Your posts are a bit hard to understand, at least for me, and I have no idea on what project you are working and what you intend. What is
when trying the command with --gc:boehm it complains
You can compile your program with something like nim c --gc:boehm myprog.nim to use boehm GC, but I think you know that and have successfully done it, because you wrote that it works faster with boehm?
For setupForeignThreadGc() it seems to use the GC for which your program is compiled, I don't think that we can use multiple GC's in a single program. See
It's an interpreter: https://github.com/arturo-lang/arturo
Basically, so far I had no-GC whatsoever and try to find out what to make the whole project WITH a GC. (And then how to tune it)

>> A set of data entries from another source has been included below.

lemma std_gaussian_uminus:
  fixes A :: "'a::euclidean_space set"
  assumes [measurable]: "A \<in> sets borel"
  shows "measure std_gaussian (uminus ` A) = measure std_gaussian A"
proof -
  define f :: "'a \<Rightarrow> ennreal" where "f z = (\<Prod>b\<in>Basis. ennreal (std_normal_density (z \<bullet> b)))" for z
  have [measurable]: "f \<in> borel_measurable borel"
    unfolding f_def by measurable
  have neg_image: "uminus ` A = {z. - z \<in> A}" by (force simp: image_iff)
  have [measurable]: "{z. - z \<in> A} \<in> sets (borel :: 'a measure)" by measurable
  have lborel_uminus: "lborel = distr lborel borel (uminus :: 'a \<Rightarrow> 'a)"
    using lborel_affine[of "-1" "0::'a"] by (simp add: density_1)
  have "emeasure std_gaussian (uminus ` A) = (\<integral>\<^sup>+z. f z * indicator {z. - z \<in> A} z \<partial>lborel)"
    by (simp add: neg_image std_gaussian_def f_def emeasure_density)
  also have "\<dots> = (\<integral>\<^sup>+z. f z * indicator {z. - z \<in> A} z \<partial>distr lborel borel uminus)"
    by (simp flip: lborel_uminus)
  also have "\<dots> = (\<integral>\<^sup>+z. f z * indicator A z \<partial>lborel)"
    by (subst nn_integral_distr) (auto simp: f_def normal_density_def indicator_def)
  also have "\<dots> = emeasure std_gaussian A"
    by (simp add: std_gaussian_def f_def emeasure_density)
  finally show ?thesis by (simp add: std_gaussian.emeasure_eq_measure)
qed

lemma (in prob_space) measure_PiM_Collect_iid:
  assumes "finite I" "C \<in> sets M"
  shows "measure (PiM I (\<lambda>_. M)) {G \<in> space (PiM I (\<lambda>_. M)). \<forall>i\<in>I. G i \<in> C}
         = measure M C ^ card I"
proof -
  have power: "emeasure M C ^ card I = ennreal (measure M C ^ card I)"
    by (simp add: emeasure_eq_measure ennreal_power)
  interpret product_prob_space "\<lambda>_. M" I
    by unfold_locales
  have "emeasure (PiM I (\<lambda>_. M)) {G \<in> space (PiM I (\<lambda>_. M)). \<forall>i\<in>I. G i \<in> C}
        = (\<Prod>i\<in>I. emeasure M C)"
    using assms by (intro emeasure_PiM_Collect) auto
  then show ?thesis
    by (simp add: P.emeasure_eq_measure power)
qed

lemma measure_std_gaussian_outside_symmetric:
  fixes K :: "'a::euclidean_space set"
  assumes [measurable]: "K \<in> sets borel" and "a \<noteq> 0" and "K \<inter> uminus ` K \<subseteq> {w. a \<bullet> w = 0}"
  shows "measure std_gaussian (- (K \<union> uminus ` K)) = 1 - 2 * measure std_gaussian K"
proof -
  have "uminus ` K = {z. - z \<in> K}" by (force simp: image_iff)
  then have [measurable]: "uminus ` K \<in> sets borel" by simp
  have "K \<inter> uminus ` K \<in> null_sets std_gaussian"
    using null_sets_subset[OF std_gaussian_hyperplane[OF assms(2)]] assms(3) by auto
  then have "measure std_gaussian (K \<union> uminus ` K)
      = measure std_gaussian K + measure std_gaussian (uminus ` K)"
    by (subst measure_Un3)
      (auto simp: std_gaussian.emeasure_eq_measure std_gaussian.fmeasurable_eq_sets null_sets_def)
  also have "\<dots> = 2 * measure std_gaussian K"
    by (simp add: std_gaussian_uminus)
  finally show ?thesis
    using std_gaussian.prob_compl[of "K \<union> uminus ` K"] by (simp add: Compl_eq_Diff_UNIV)
qed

This code is one reason why every GC hates your code:
ValueRef {.union.} = ref object
s: string
a: Array
d: Context
f: Function
when not defined(mini):
bi: Int
.union is for C interop only, you put a Nim string inside, kaboom. And that's probably just the top of the iceberg, you also use .computedGoto where it currently is simply ignored and that's even a good thing as you misapply computedGoto...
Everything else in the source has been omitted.